■ TO DO
Each line that includes the word "orbit" should be copied from the records.

○ ○ ○ ○ ○

(* Let $p>0$ and let $X$ be a non-negative random variable which is $u^{1-p}$-insensitive, i.e. $\mathbb{P}(X>u\pm u^{1-p})\sim\mathbb{P}(X>u)$ as $u\to\infty$. Then for every constant $B>0$, $$\lim_{u\to\infty}\frac{\exp(-Bu^{p})}{\mathbb{P}(X>u)}=0.$$
   Context: $a_1(u)\sim a_2(u)$ means $a_1(u)/a_2(u)\to1$ as $u\to\infty$. *)

theory Defs
  imports "HOL-Probability.Probability"
begin

end

theory Submission
  imports Defs "HOL-Real_Asymp.Real_Asymp"
begin

text \<open>Write \<open>F u = P(X > u)\<close> and fix \<open>q < 1\<close>.
  Eventually \<open>F (u + u\<^bsup>1-p\<^esup>) \<ge> q F u\<close>, and along the orbit of \<open>v \<mapsto> v + v\<^bsup>1-p\<^esup>\<close> the
  quantity \<open>v\<^sup>p\<close> grows by at least \<open>p/2\<close> per step. So \<open>F\<close> loses at most a factor \<open>q\<close>
  each time \<open>u\<^sup>p\<close> advances by \<open>p/2\<close>, i.e. \<open>F u \<ge> K exp (-c u\<^sup>p)\<close> with \<open>c = 2 ln(1/q) / p\<close>,
  and choosing \<open>q\<close> close to \<open>1\<close> makes \<open>c\<close> smaller than any given \<open>B\<close>.\<close>

lemma powr_add_powr_one_minus_ge:
  fixes v p :: real
  assumes "1 \<le> v" "0 < p"
  shows "v powr p + p / 2 \<le> (v + v powr (1 - p)) powr p"
proof -
  define t where "t = v powr (- p)"
  have t_pos: "0 < t" using assms by (simp add: t_def)
  have "1 \<le> v powr p" using assms by (intro ge_one_powr_ge_zero) auto
  hence t_le_1: "t \<le> 1" using assms by (simp add: t_def powr_minus inverse_le_1_iff)
  have vt: "v powr p * t = 1" using assms by (simp add: t_def powr_minus)
  have "v powr (1 - p) = v * t" using assms by (simp add: t_def powr_diff powr_minus divide_inverse)
  hence factor: "v + v powr (1 - p) = v * (1 + t)" by (simp add: algebra_simps)
  have "t / 2 \<le> t / (1 + t)" using t_pos t_le_1 by (intro divide_left_mono) auto
  also have "t / (1 + t) \<le> ln (1 + t)"
  proof -
    have "ln (1 / (1 + t)) \<le> 1 / (1 + t) - 1" using t_pos by (intro ln_le_minus_one) auto
    thus ?thesis using t_pos by (simp add: ln_div field_simps)
  qed
  finally have ln_ge: "t / 2 \<le> ln (1 + t)" .
  have "1 + p * (t / 2) \<le> 1 + p * ln (1 + t)" using ln_ge assms(2) by simp
  also have "\<dots> \<le> exp (p * ln (1 + t))" by (rule exp_ge_add_one_self)
  also have "\<dots> = (1 + t) powr p" using t_pos by (simp add: powr_def)
  finally have "v powr p * (1 + p * (t / 2)) \<le> v powr p * (1 + t) powr p"
    by (intro mult_left_mono) auto
  also have "\<dots> = (v + v powr (1 - p)) powr p"
    using factor assms t_pos by (simp add: powr_mult)
  finally show ?thesis using vt by (simp add: algebra_simps)
qed

lemma funpow_add_powr_one_minus_ge:
  fixes u0 p :: real
  assumes "1 \<le> u0" "0 < p"
  shows "u0 \<le> ((\<lambda>v. v + v powr (1 - p)) ^^ n) u0"
    and "real n * p / 2 \<le> (((\<lambda>v. v + v powr (1 - p)) ^^ n) u0) powr p"
proof -
  let ?s = "\<lambda>n. ((\<lambda>v. v + v powr (1 - p)) ^^ n) u0"
  show s_ge: "u0 \<le> ?s n" for n
    by (induction n) (simp_all add: add_increasing2)
  show "real n * p / 2 \<le> ?s n powr p"
  proof (induction n)
    case (Suc n)
    have "?s n powr p + p / 2 \<le> ?s (Suc n) powr p"
      using powr_add_powr_one_minus_ge[of "?s n" p] s_ge[of n] assms by simp
    thus ?case using Suc by (simp add: algebra_simps)
  qed simp
qed

lemma antimono_lower_bound_from_step:
  fixes F :: "real \<Rightarrow> real" and p q u0 u :: real
  assumes "antimono F" "0 < p" "0 < q" "q \<le> 1" "1 \<le> u0" "0 \<le> F u0"
    and step: "\<And>u. u0 \<le> u \<Longrightarrow> q * F u \<le> F (u + u powr (1 - p))"
    and "u0 \<le> u"
  shows "q * F u0 * q powr (2 / p * u powr p) \<le> F u"
proof -
  define s where "s n = ((\<lambda>v. v + v powr (1 - p)) ^^ n) u0" for n
  have s_ge: "u0 \<le> s n" and s_powr: "real n * p / 2 \<le> s n powr p" for n
    using funpow_add_powr_one_minus_ge[OF assms(5,2)] by (simp_all add: s_def)
  have orbit: "q ^ n * F u0 \<le> F u" if "u0 \<le> u" "u \<le> s n" for n u
    using that
  proof (induction n arbitrary: u)
    case 0
    thus ?case by (simp add: s_def)
  next
    case (Suc n)
    show ?case
    proof (cases "u \<le> s n")
      case True
      have "q ^ Suc n * F u0 \<le> q ^ n * F u0"
        using assms(3,4,6) by (intro mult_right_mono power_decreasing) auto
      thus ?thesis using Suc.IH[OF Suc.prems(1) True] by linarith
    next
      case False
      have "q ^ Suc n * F u0 \<le> q * F (s n)"
        using Suc.IH[of "s n"] s_ge assms(3) by (simp add: mult_left_mono)
      also have "\<dots> \<le> F (s (Suc n))" using step[OF s_ge] by (simp add: s_def)
      also have "\<dots> \<le> F u" using Suc.prems(2) \<open>antimono F\<close> by (simp add: antimonoD)
      finally show ?thesis .
    qed
  qed
  define x where "x = 2 / p * u powr p"
  define n where "n = nat \<lceil>x\<rceil>"
  have "0 \<le> x" using assms(2) by (simp add: x_def)
  hence x_le_n: "x \<le> real n" and n_le: "real n \<le> x + 1"
    unfolding n_def by linarith+
  have "u powr p \<le> s n powr p"
    using x_le_n s_powr[of n] assms(2) by (simp add: x_def field_simps)
  hence "u \<le> s n"
    using s_ge[of n] assms(2,5) powr_less_mono2[of p "s n" u] by fastforce
  hence "q ^ n * F u0 \<le> F u" using orbit assms(8) by blast
  moreover have "q * q powr x \<le> q ^ n"
  proof -
    have "q * q powr x = q powr (x + 1)" using assms(3) by (simp add: powr_add)
    also have "\<dots> \<le> q powr real n" using n_le assms(3,4) by (intro powr_mono') auto
    finally show ?thesis using assms(3) by (simp add: powr_realpow)
  qed
  ultimately show ?thesis
    using assms(6) mult_right_mono[of "q * q powr x" "q ^ n" "F u0"]
    by (simp add: x_def algebra_simps)
qed

lemma exp_powr_over_tendsto_zero:
  fixes F :: "real \<Rightarrow> real" and p B C K :: real
  assumes "0 < p" "C < B" "0 < K"
    and lower: "\<forall>\<^sub>F u in at_top. K * exp (- C * u powr p) \<le> F u"
  shows "((\<lambda>u. exp (- B * u powr p) / F u) \<longlongrightarrow> 0) at_top"
proof -
  define D where "D = B - C"
  have "D > 0" using assms(2) by (simp add: D_def)
  hence lim: "((\<lambda>u. exp (- D * u powr p) / K) \<longlongrightarrow> 0) at_top"
    using assms(1,3) by real_asymp
  have upper: "\<forall>\<^sub>F u in at_top. exp (- B * u powr p) / F u \<le> exp (- D * u powr p) / K"
    using lower
  proof eventually_elim
    case (elim u)
    have "0 < K * exp (- C * u powr p)" using assms(3) by simp
    hence "exp (- B * u powr p) / F u \<le> exp (- B * u powr p) / (K * exp (- C * u powr p))"
      using elim by (intro divide_left_mono) auto
    also have "\<dots> = exp (- D * u powr p) / K"
    proof -
      have "exp (- B * u powr p) = exp (- D * u powr p) * exp (- C * u powr p)"
        by (simp add: D_def algebra_simps flip: exp_add)
      thus ?thesis using assms(3) by simp
    qed
    finally show ?case .
  qed
  have nonneg: "\<forall>\<^sub>F u in at_top. 0 \<le> exp (- B * u powr p) / F u"
    using lower
  proof eventually_elim
    case (elim u)
    have "0 < K * exp (- C * u powr p)" using assms(3) by simp
    thus ?case using elim by simp
  qed
  show ?thesis by (rule tendsto_sandwich[OF nonneg upper tendsto_const lim])
qed

lemma (in finite_measure) antimono_measure_greater:
  fixes X :: "'a \<Rightarrow> real"
  assumes "X \<in> borel_measurable M"
  shows "antimono (\<lambda>u. measure M {x \<in> space M. X x > u})"
proof (rule antimonoI)
  fix u v :: real
  assume "u \<le> v"
  have "{x \<in> space M. X x > u} \<in> sets M" using assms by measurable
  thus "measure M {x \<in> space M. X x > v} \<le> measure M {x \<in> space M. X x > u}"
    using \<open>u \<le> v\<close> by (intro finite_measure_mono) auto
qed

theorem lemma5p1:
  fixes M :: "'a measure" and X :: "'a \<Rightarrow> real" and p B :: real
  assumes "prob_space M"
    and "X \<in> borel_measurable M"
    and "AE x in M. X x \<ge> 0"
    and "p > 0"
    and "((\<lambda>u. measure M {x \<in> space M. X x > u + u powr (1 - p)}
                / measure M {x \<in> space M. X x > u}) \<longlongrightarrow> 1) at_top"
    and "((\<lambda>u. measure M {x \<in> space M. X x > u - u powr (1 - p)}
                / measure M {x \<in> space M. X x > u}) \<longlongrightarrow> 1) at_top"
    and "B > 0"
  shows "((\<lambda>u. exp (- B * u powr p) / measure M {x \<in> space M. X x > u}) \<longlongrightarrow> 0) at_top"
proof -
  interpret prob_space M by fact
  define F where "F u = measure M {x \<in> space M. X x > u}" for u
  have "antimono F"
    unfolding F_def using assms(2) by (rule antimono_measure_greater)
  define q where "q = exp (- B * p / 4)"
  have q: "0 < q" "q < 1" using assms(4,7) by (auto simp: q_def)
  have "\<forall>\<^sub>F u in at_top. q < F (u + u powr (1 - p)) / F u \<and> 1 \<le> u"
    using order_tendstoD(1)[OF assms(5) q(2)] eventually_ge_at_top[of 1]
    by eventually_elim (simp add: F_def)
  then obtain u0 where u0: "\<And>u. u0 \<le> u \<Longrightarrow> q < F (u + u powr (1 - p)) / F u \<and> 1 \<le> u"
    by (auto simp: eventually_at_top_linorder)
  \<comment> \<open>the ratio exceeds \<open>q > 0\<close>, so the denominator cannot be the junk value \<open>0\<close>\<close>
  have F_pos: "0 < F u" and step: "q * F u \<le> F (u + u powr (1 - p))" if "u0 \<le> u" for u
  proof -
    have ratio: "q < F (u + u powr (1 - p)) / F u" using u0[OF that] by blast
    have "F u \<noteq> 0" using ratio q(1) by auto
    thus "0 < F u" by (simp add: F_def order_less_le)
    thus "q * F u \<le> F (u + u powr (1 - p))" using ratio by (simp add: field_simps)
  qed
  have q_powr: "q powr (2 / p * u powr p) = exp (- (B / 2) * u powr p)" for u
    using assms(4) by (simp add: q_def powr_def field_simps)
  have "1 \<le> u0" and "0 < F u0" using u0[of u0] F_pos[of u0] by simp_all
  have "q * F u0 * exp (- (B / 2) * u powr p) \<le> F u" if "u0 \<le> u" for u
    unfolding q_powr[symmetric]
    using step that
    by (rule antimono_lower_bound_from_step[OF \<open>antimono F\<close> assms(4) q(1) less_imp_le[OF q(2)]
          \<open>1 \<le> u0\<close> less_imp_le[OF \<open>0 < F u0\<close>]])
  hence "\<forall>\<^sub>F u in at_top. q * F u0 * exp (- (B / 2) * u powr p) \<le> F u"
    by (auto simp: eventually_at_top_linorder)
  from exp_powr_over_tendsto_zero[OF assms(4) _ _ this]
  show ?thesis using assms(7) q(1) \<open>0 < F u0\<close> by (simp add: F_def)
qed

end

○ ○ ○ ○ ○

■ TASK OUTPUT
  Eventually \<open>F (u + u\<^bsup>1-p\<^esup>) \<ge> q F u\<close>, and along the orbit of \<open>v \<mapsto> v + v\<^bsup>1-p\<^esup>\<close> the
  have orbit: "q ^ n * F u0 \<le> F u" if "u0 \<le> u" "u \<le> s n" for n u
  hence "q ^ n * F u0 \<le> F u" using orbit assms(8) by blast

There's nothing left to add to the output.